- Location: Russia
- Nearest city: Pskov
- Coordinates: 58°15′N 27°40′E﻿ / ﻿58.250°N 27.667°E
- Area: 649 km^{2} (251 sq mi)
- Established: 1985

= Remdovsky Zakaznik =

Nature reserve in Russia

Remdovsky Zakaznik (Ремдовский заказник) is a federal zakaznik, a nature protected area, in the northwest of Russia, located in Gdovsky and Pskovsky Districts of Pskov Oblast, north of the city of Pskov. It was established in 1985 to protect flora and fauna (in particular, rare species) of the lowlands adjacent to Lake Peipus.

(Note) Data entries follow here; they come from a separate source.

text \<open>If no fibre is mixed, the C-side of G and the D-side form a cut of G; each of the at
  least delta + 1 vertices on its boundary keeps a single layer, which makes S too large.\<close>
lemma unmixed_deletion_large:
  assumes "vertex_connectivity V E = min_degree V E" "0 < min_degree V E"
    and "C \<noteq> {}" "kron_K_verts V n - S - C \<noteq> {}" "\<And>u. \<not> mixed u"
  shows "(min_degree V E + 1) * (n - 1) \<le> card S"
proof -
  define P where "P = {u \<in> V. C_layers u \<noteq> {}}"
  have P_compl: "V - P = {u \<in> V. D_layers u \<noteq> {}}"
    using surviving_layers_nonempty assms(5) by (auto simp: P_def mixed_def)
  have "P \<subseteq> V" by (auto simp: P_def)
  have "P \<noteq> {}" using assms(3) C_sub by (auto simp: P_def C_layers_def kron_K_verts_def)
  obtain a i where "(a, i) \<in> kron_K_verts V n - S - C" using assms(4) by auto
  then have "a \<in> V - P" unfolding P_compl by (auto simp: D_layers_def kron_K_verts_def)
  then have "V - P \<noteq> {}" by blast
  have single: "card (S_layers u) = n - 1" if "u \<in> cut_boundary V E P" for u
  proof -
    have "u \<in> V" using that cut_boundary_subset[OF \<open>P \<subseteq> V\<close>] by blast
    have "card (C_layers u) + card (D_layers u) = 1"
    proof (cases "u \<in> P")
      case True
      with that obtain v where "v \<in> V - P" "E u v"
        by (auto simp: cut_boundary_def inner_boundary_def)
      have "C_layers u \<noteq> {}" "D_layers v \<noteq> {}"
        using True \<open>v \<in> V - P\<close> P_compl by (auto simp: P_def)
      then obtain i j where "i \<in> C_layers u" "j \<in> D_layers v" by blast
      then have "C_layers u = {j}" using cross_layers(1) \<open>E u v\<close> by blast
      moreover have "D_layers u = {}" using True assms(5) by (auto simp: P_def mixed_def)
      ultimately show ?thesis by simp
    next
      case False
      with that obtain v where "v \<in> P" "E v u"
        using E_sym by (auto simp: cut_boundary_def inner_boundary_def)
      have "C_layers v \<noteq> {}" "D_layers u \<noteq> {}"
        using False \<open>v \<in> P\<close> \<open>u \<in> V\<close> P_compl by (auto simp: P_def)
      then obtain i j where "i \<in> C_layers v" "j \<in> D_layers u" by blast
      then have "D_layers u = {i}" using cross_layers(2) \<open>E v u\<close> by blast
      moreover have "C_layers u = {}" using False \<open>u \<in> V\<close> by (auto simp: P_def)
      ultimately show ?thesis by simp
    qed
    then show ?thesis using layers_card[OF \<open>u \<in> V\<close>] by simp
  qed
  have "(min_degree V E + 1) * (n - 1) \<le> card (cut_boundary V E P) * (n - 1)"
    using cut_boundary_large[OF simple assms(1,2) \<open>P \<subseteq> V\<close> \<open>P \<noteq> {}\<close> \<open>V - P \<noteq> {}\<close>]
    by (rule mult_le_mono1)
  also have "\<dots> = (\<Sum>u\<in>cut_boundary V E P. card (S_layers u))"
    using single by simp
  also have "\<dots> \<le> card S"
    using S_layers_sum_le cut_boundary_subset[OF \<open>P \<subseteq> V\<close>] by blast
  finally show ?thesis .
qed

end

locale kron_cut_no_isolated = kron_cut +
  assumes no_isolated: "\<not> (\<exists>x. isolated_vertex (kron_K_verts V n - S) (kron_K_edge E) x)"
begin

lemma has_neighbour:
  assumes "p \<in> kron_K_verts V n - S"
  obtains v k where "(v, k) \<in> kron_K_verts V n - S" "kron_K_edge E p (v, k)"
proof -
  have "\<exists>q \<in> kron_K_verts V n - S. kron_K_edge E p q"
    using assms no_isolated unfolding isolated_vertex_def by blast
  then obtain q where "q \<in> kron_K_verts V n - S" "kron_K_edge E p q" by blast
  then show ?thesis using that[of "fst q" "snd q"] by simp
qed

text \<open>A mixed fibre survives in exactly one C-layer and one D-layer: a neighbour of a
  D-vertex of the fibre lies in D and pins down the C-layer, and symmetrically.\<close>
lemma mixed_layers:
  assumes "mixed u"
  obtains c e where "C_layers u = {c}" "D_layers u = {e}" "c \<noteq> e"
proof -
  obtain c e where c: "c \<in> C_layers u" and e: "e \<in> D_layers u"
    using assms by (auto simp: mixed_def)
  have ue: "(u, e) \<in> kron_K_verts V n - S - C" using e by (simp add: D_layers_def)
  then have "(u, e) \<in> kron_K_verts V n - S" by blast
  then obtain v k where vk: "(v, k) \<in> kron_K_verts V n - S" "kron_K_edge E (u, e) (v, k)"
    by (rule has_neighbour)
  have "(v, k) \<notin> C"
  proof
    assume "(v, k) \<in> C"
    from C_closed[OF this ue] kron_K_edge_sym[OF simple vk(2)] show False by simp
  qed
  with vk have k: "k \<in> D_layers v" and "E u v" by (auto simp: D_layers_def kron_K_edge_def)
  have C_single: "C_layers u = {k}" by (rule cross_layers(1)[OF \<open>E u v\<close> c k])
  have uc: "(u, c) \<in> C" using c by (simp add: C_layers_def)
  then have "(u, c) \<in> kron_K_verts V n - S" using C_sub by blast
  then obtain v' k' where vk': "(v', k') \<in> kron_K_verts V n - S" "kron_K_edge E (u, c) (v', k')"
    by (rule has_neighbour)
  have "(v', k') \<in> C"
  proof (rule ccontr)
    assume "(v', k') \<notin> C"
    with vk'(1) have "(v', k') \<in> kron_K_verts V n - S - C" by blast
    from C_closed[OF uc this] vk'(2) show False by simp
  qed
  with vk' have k': "k' \<in> C_layers v'" and "E v' u"
    by (auto simp: C_layers_def kron_K_edge_def E_sym)
  have D_single: "D_layers u = {k'}" by (rule cross_layers(2)[OF \<open>E v' u\<close> k' e])
  have "k \<noteq> k'" using C_single D_single by (auto simp: C_layers_def D_layers_def)
  with C_single D_single show ?thesis using that by blast
qed

lemma mixed_S_layers:
  assumes "mixed u"
  shows "card (S_layers u) = n - 2"
proof -
  obtain c e where "C_layers u = {c}" "D_layers u = {e}" using mixed_layers[OF assms] .
  with layers_card[of u] assms show ?thesis by (simp add: mixed_def)
qed

lemma mixed_edge_swap:
  assumes "mixed u" "mixed v" "E u v"
  shows "C_layers v = D_layers u" "D_layers v = C_layers u"
proof -
  obtain c e where u: "C_layers u = {c}" "D_layers u = {e}" using mixed_layers[OF assms(1)] .
  obtain c' e' where v: "C_layers v = {c'}" "D_layers v = {e'}" using mixed_layers[OF assms(2)] .
  show "D_layers v = C_layers u" using cross_layers(2)[OF assms(3), of c e'] u v by simp
  show "C_layers v = D_layers u" using cross_layers(1)[OF E_sym[OF assms(3)], of c' e] u v by simp
qed

lemma unmixed_neighbour:
  assumes "mixed u" "v \<in> V" "\<not> mixed v" "E u v"
  shows "(C_layers v = D_layers u \<and> D_layers v = {}) \<or> (C_layers v = {} \<and> D_layers v = C_layers u)"
proof -
  obtain c e where u: "C_layers u = {c}" "D_layers u = {e}" using mixed_layers[OF assms(1)] .
  show ?thesis
  proof (cases "C_layers v = {}")
    case True
    then obtain j where "j \<in> D_layers v" using surviving_layers_nonempty[OF assms(2)] by blast
    then have "D_layers v = {c}" using cross_layers(2)[OF assms(4)] u by simp
    with True u show ?thesis by simp
  next
    case False
    then obtain i where "i \<in> C_layers v" by blast
    then have "C_layers v = {e}" using cross_layers(1)[OF E_sym[OF assms(4)]] u by simp
    moreover have "D_layers v = {}" using False assms(2,3) by (simp add: mixed_def)
    ultimately show ?thesis using u by simp
  qed
qed

lemma unmixed_neighbour_S_layers:
  assumes "mixed u" "v \<in> V" "\<not> mixed v" "E u v"
  shows "card (S_layers v) = n - 1"
proof -
  obtain c e where "C_layers u = {c}" "D_layers u = {e}" using mixed_layers[OF assms(1)] .
  with unmixed_neighbour[OF assms] layers_card[OF assms(2)] show ?thesis by auto
qed

text \<open>Two adjacent mixed vertices have no common neighbour: it would have to carry both
  layers of each on swapped sides.\<close>
lemma mixed_edge_no_common_neighbour:
  assumes "mixed x" "mixed x'" "E x x'" "v \<in> V" "E x v" "E x' v"
  shows False
proof -
  obtain c e where x: "C_layers x = {c}" "D_layers x = {e}" "c \<noteq> e"
    using mixed_layers[OF assms(1)] .
  have x': "C_layers x' = {e}" "D_layers x' = {c}" using mixed_edge_swap[OF assms(1-3)] x by simp_all
  show False
  proof (cases "mixed v")
    case True
    then show False using mixed_edge_swap(1)[OF assms(1) True assms(5)]
        mixed_edge_swap(1)[OF assms(2) True assms(6)] x x' by simp
  next
    case False
    then show False using unmixed_neighbour[OF assms(1,4) False assms(5)]
        unmixed_neighbour[OF assms(2,4) False assms(6)] x x' by auto
  qed
qed

lemma nbhd_S_layers:
  assumes "mixed x" "2 \<le> n"
  shows "(\<Sum>v\<in>{v \<in> V. E x v}. card (S_layers v))
           = (n - 2) * degree V E x + card {v \<in> V. E x v \<and> \<not> mixed v}"
proof -
  let ?N = "{v \<in> V. E x v}"
  have "finite ?N" using fin by simp
  have "card (S_layers v) = (n - 2) + (if \<not> mixed v then 1 else 0)" if "v \<in> ?N" for v
    using that assms mixed_S_layers unmixed_neighbour_S_layers[OF assms(1)] by auto
  then have "(\<Sum>v\<in>?N. card (S_layers v)) = (\<Sum>v\<in>?N. (n - 2) + (if \<not> mixed v then 1 else 0))"
    by (rule sum.cong[OF refl])
  also have "\<dots> = (n - 2) * card ?N + (\<Sum>v\<in>?N. if \<not> mixed v then 1 else 0)"
    by (simp add: sum.distrib)
  also have "(\<Sum>v\<in>?N. if \<not> mixed v then 1 else 0) = card {v \<in> ?N. \<not> mixed v}"
    using sum.inter_filter[OF \<open>finite ?N\<close>, of "\<lambda>_. 1::nat" "\<lambda>v. \<not> mixed v"] by simp
  finally show ?thesis by (simp add: degree_def)
qed

lemma mixed_edge_S_layers:
  assumes "mixed x" "mixed x'" "E x x'" "2 \<le> n"
  shows "(n - 2) * degree V E x + card {v \<in> V. E x v \<and> \<not> mixed v} + (n - 2) * degree V E x'
           \<le> card S"
proof -
  let ?N = "\<lambda>x. {w \<in> V. E x w}"
  have "?N x \<inter> ?N x' = {}"
    using mixed_edge_no_common_neighbour[OF assms(1-3)] by blast
  then have "(\<Sum>w\<in>?N x. card (S_layers w)) + (\<Sum>w\<in>?N x'. card (S_layers w))
               = (\<Sum>w\<in>?N x \<union> ?N x'. card (S_layers w))"
    using fin by (simp add: sum.union_disjoint)
  also have "\<dots> \<le> card S" by (rule S_layers_sum_le) auto
  finally show ?thesis
    using nbhd_S_layers[OF assms(1,4)] nbhd_S_layers[OF assms(2,4)] by linarith
qed

lemma mixed_closed_nbhd_S_layers:
  assumes "mixed x" "2 \<le> n"
  shows "(n - 2) + (n - 2) * degree V E x + card {v \<in> V. E x v \<and> \<not> mixed v} \<le> card S"
proof -
  have "x \<in> V" "\<not> E x x" using assms(1) simple by (auto simp: mixed_def simple_graph_def)
  then have "card (S_layers x) + (\<Sum>w\<in>{w \<in> V. E x w}. card (S_layers w))
               = (\<Sum>w\<in>insert x {w \<in> V. E x w}. card (S_layers w))"
    using fin by simp
  also have "\<dots> \<le> card S" using \<open>x \<in> V\<close> by (intro S_layers_sum_le) auto
  finally show ?thesis using mixed_S_layers[OF assms(1)] nbhd_S_layers[OF assms] by simp
qed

The name of the zakaznik originates from the Remda River, a left tributary of the Zhelcha River, which flows in the zakaznik.

== Geography ==
Remdovsky Zakaznik is located on the eastern bank of Lake Peipus, in the area separating two its biggest parts, Lake Chudskoye (Lake Peipus) in the north and Lake Pskovskoye (Lake Pihkva) in the south. The biggest river in the zakaznik is the Zhelcha, the lower course of which enters the zakaznik from the north. The area is flat and swampy. There are over twenty-five lakes in the zakaznik.

==Flora==
78% of the forest are pine forests, 2% is occupied by spruce, and 22% are birch, aspen, and alder.

==Fauna==
The big mammals within the zakaznik include moose, wild boar, roe deer, brown bear, fox, and raccoon dog.